Prove: A basis $G$ is a Grobner basis of an ideal $\iff$ for every element $S$ in a homogeneous basis for the syzygies $S(G)$ we have $S.G \to_{G}0. $

algebraic-geometrycommutative-algebragroebner-basisidealsmultivariate-polynomial

A basis $G=(g_1,…,g_t)$ for an ideal I is a Grobner basis $\iff$ for every element $S=(h_1,…h_t)$ in a homogeneous basis for the syzygies $S(G)$ we have $S.G = \Sigma_{i=1}^{t} h_ig_i \to_{G}0. $

This is theorem 9 in chapter 2.9 of Ideals, Varieties and Algorithms by Cox, Little and O'Shea. The proof given there is not clear to me.

Definitions in the text:

Let $F=(f_1,…,f_s)$. A syzygy on the on the leading terms $LT(f_1),…,LT(f_s)$ of $F$ is an s-tuple of polynomials $S=(h_1,…,h_s)\in (k[x_1,…,k_n])^s$ such that $\Sigma_{i-1}^{s} h_iLT(f_i)=0$. $S(F)$ is a collection of all syzygies on $F$.
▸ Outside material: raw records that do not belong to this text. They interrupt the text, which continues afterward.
lemma vandermonde_det_nonzero:
  fixes lam \<mu> :: "'x::finite \<Rightarrow> real"
  assumes "inj lam" and "bij_betw e UNIV {0..<CARD('x)}" and "\<And>x. \<mu> x \<noteq> 0"
  shows "det (\<chi> i x. \<mu> x * lam x ^ e i) \<noteq> 0"
  unfolding det_nonzero_iff_kernel_trivial
proof (intro allI impI)
  fix c :: "real^'x" assume c: "(\<chi> i x. \<mu> x * lam x ^ e i) *v c = 0"
  have "(\<Sum>x\<in>UNIV. (c $ x * \<mu> x) * lam x ^ k) = 0" if "k < CARD('x)" for k
  proof -
    have "k \<in> e ` UNIV"
      using assms(2) that by (simp add: bij_betw_def)
    then obtain i where "e i = k" by blast
    then show ?thesis
      using c[unfolded vec_eq_iff, rule_format, of i] by (simp add: matrix_vector_mult_def mult_ac)
  qed
  then have "c $ x * \<mu> x = 0" for x
    by (rule weighted_power_sums_eq_0_imp[OF assms(1), where c="\<lambda>x. c $ x * \<mu> x"])
  then show "c = 0"
    using assms(3) by (simp add: vec_eq_iff)
qed

definition diag_mat :: "('x::finite \<Rightarrow> real) \<Rightarrow> real^'x^'x" where
  "diag_mat a = (\<chi> i j. if i = j then a i else 0)"

lemma diag_mat_mult: "diag_mat a ** diag_mat b = diag_mat (\<lambda>x. a x * b x)"
  unfolding diag_mat_def matrix_matrix_mult_def
  by (auto simp: vec_eq_iff if_distrib[of "\<lambda>x. x * _"] cong: if_cong)

lemma diag_mat_one: "diag_mat (\<lambda>_. 1) = mat 1"
  unfolding diag_mat_def mat_def by (simp add: vec_eq_iff)

text \<open>Any point of the chart can witness that a polynomial is not identically zero, so the
  witness need not be nonnegative. With W_y1 = diag lam and |W| = J/n, the words y1^k act as
  diagonal powers and all certificates become Vandermonde determinants.\<close>

definition witness_tm :: "'y \<Rightarrow> 'y \<Rightarrow> ('x::finite \<Rightarrow> real) \<Rightarrow> 'y \<Rightarrow> real^'x^'x" where
  "witness_tm y0 y1 lam = (\<lambda>y. if y = y1 then diag_mat lam
      else if y = y0 then (\<chi> i j. 1 / real CARD('x)) - diag_mat lam else 0)"

lemma abs_tm_witness_tm:
  fixes y0 y1 :: "'y::finite" and lam :: "'x::finite \<Rightarrow> real"
  assumes "y1 \<noteq> y0"
  shows "abs_tm (witness_tm y0 y1 lam) = (\<chi> i j. 1 / real CARD('x))"
proof -
  have "witness_tm y0 y1 lam = (\<lambda>y. (if y = y1 then diag_mat lam else 0)
      + (if y = y0 then (\<chi> i j. 1 / real CARD('x)) - diag_mat lam else 0))"
    using assms by (auto simp: witness_tm_def fun_eq_iff)
  then show ?thesis
    unfolding abs_tm_def by (simp add: sum.distrib)
qed

lemma wprod_witness_tm_replicate: "wprod (witness_tm y0 y1 lam) (replicate k y1) = diag_mat (\<lambda>x. lam x ^ k)"
  by (induction k) (auto simp: witness_tm_def diag_mat_mult diag_mat_one mult.commute)

lemma diag_mat_mult_const: "diag_mat a *v (\<chi> _. c) = (\<chi> x. c * a x)"
  unfolding diag_mat_def matrix_vector_mult_def
  by (simp add: vec_eq_iff if_distrib[of "\<lambda>x. x * _"] cong: if_cong)

lemma observability_det_witness_tm:
  fixes lam :: "'x::finite \<Rightarrow> real"
  assumes "inj lam" and "bij_betw e UNIV {0..<CARD('x)}" and "\<And>x. lam x \<noteq> 0"
  shows "observability_det (witness_tm y0 y1 lam) (\<lambda>i. replicate (Suc (e i)) y1) \<noteq> 0"
  using vandermonde_det_nonzero[OF assms(1,2), of lam] assms(3)
  unfolding observability_det_def wprod_witness_tm_replicate
  by (simp add: diag_mat_def if_distrib cong: if_cong)

lemma reachability_det_witness_tm:
  fixes lam :: "'x::finite \<Rightarrow> real"
  assumes "inj lam" and "bij_betw e UNIV {0..<CARD('x)}" and "c \<noteq> 0"
  shows "reachability_det (witness_tm y0 y1 lam) (\<lambda>i. replicate (e i) y1) (\<chi> _. c) \<noteq> 0"
  using vandermonde_det_nonzero[OF assms(1,2), of "\<lambda>_. c"] assms(3)
  by (simp add: reachability_det_def wprod_witness_tm_replicate diag_mat_mult_const)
An element $S \in S(F)$ is homogeneous of multidegree $\alpha$ where $\alpha \in Z^{n}_{\geq0}$ provided that $S=(c_1x^{\alpha_1},…,c_sx^{\alpha_s})$ where $c_i\in k$ and $\alpha_i + \ multideg(f_i) = \alpha$ whenever $c_i \neq 0$

We say that $f \in [x_1,..,x_n]$ reduces to zero modulo $G = \{g_1,…,g_t\} \subset k[x_1,…,x_n]$ i.e. $f \to_{G} 0$ if $f$ can be written in the form $f = a_1g_1+…+a_tg_t$ such that whenever $a_ig_i \neq 0$, we have multideg(f) $\geq$ multideg($a_ig_i$).

My Attempt:

($\implies$) Given $G$ to be a Grobner basis and $S=(h_1,…,h_t)$ a syzygy of $G$ that is homogeneous we know that $\Sigma_{i=1}^t h_iLT(g_i) = 0$ and that $LT(h_i).LT(g_i)$ have the same multidegree for all $i$.

To prove RHS we need to show that multideg($\Sigma h_ig_i$) $\geq$ multideg($h_ig_i$) for all $i$ which is equivalent to showing $\Sigma_{i=1}^t LT(h_i)LT(g_i) \neq 0 $. But the above would imply that $\Sigma_{i=1}^t LT(h_i)LT(g_i)=0$.

What is wrong here ?

Help also in proving the other direction.

Best Answer

$ S.G \rightarrow _G 0$ means that $S.G$ can be written as $\Sigma a_ig_i$ where multideg($S.G$) > multideg($a_ig_i$) whenever $a_ig_i \neq 0$. Here $a_i$ need not equal $h_i$.

This is all cleared up in the fourth version of the book.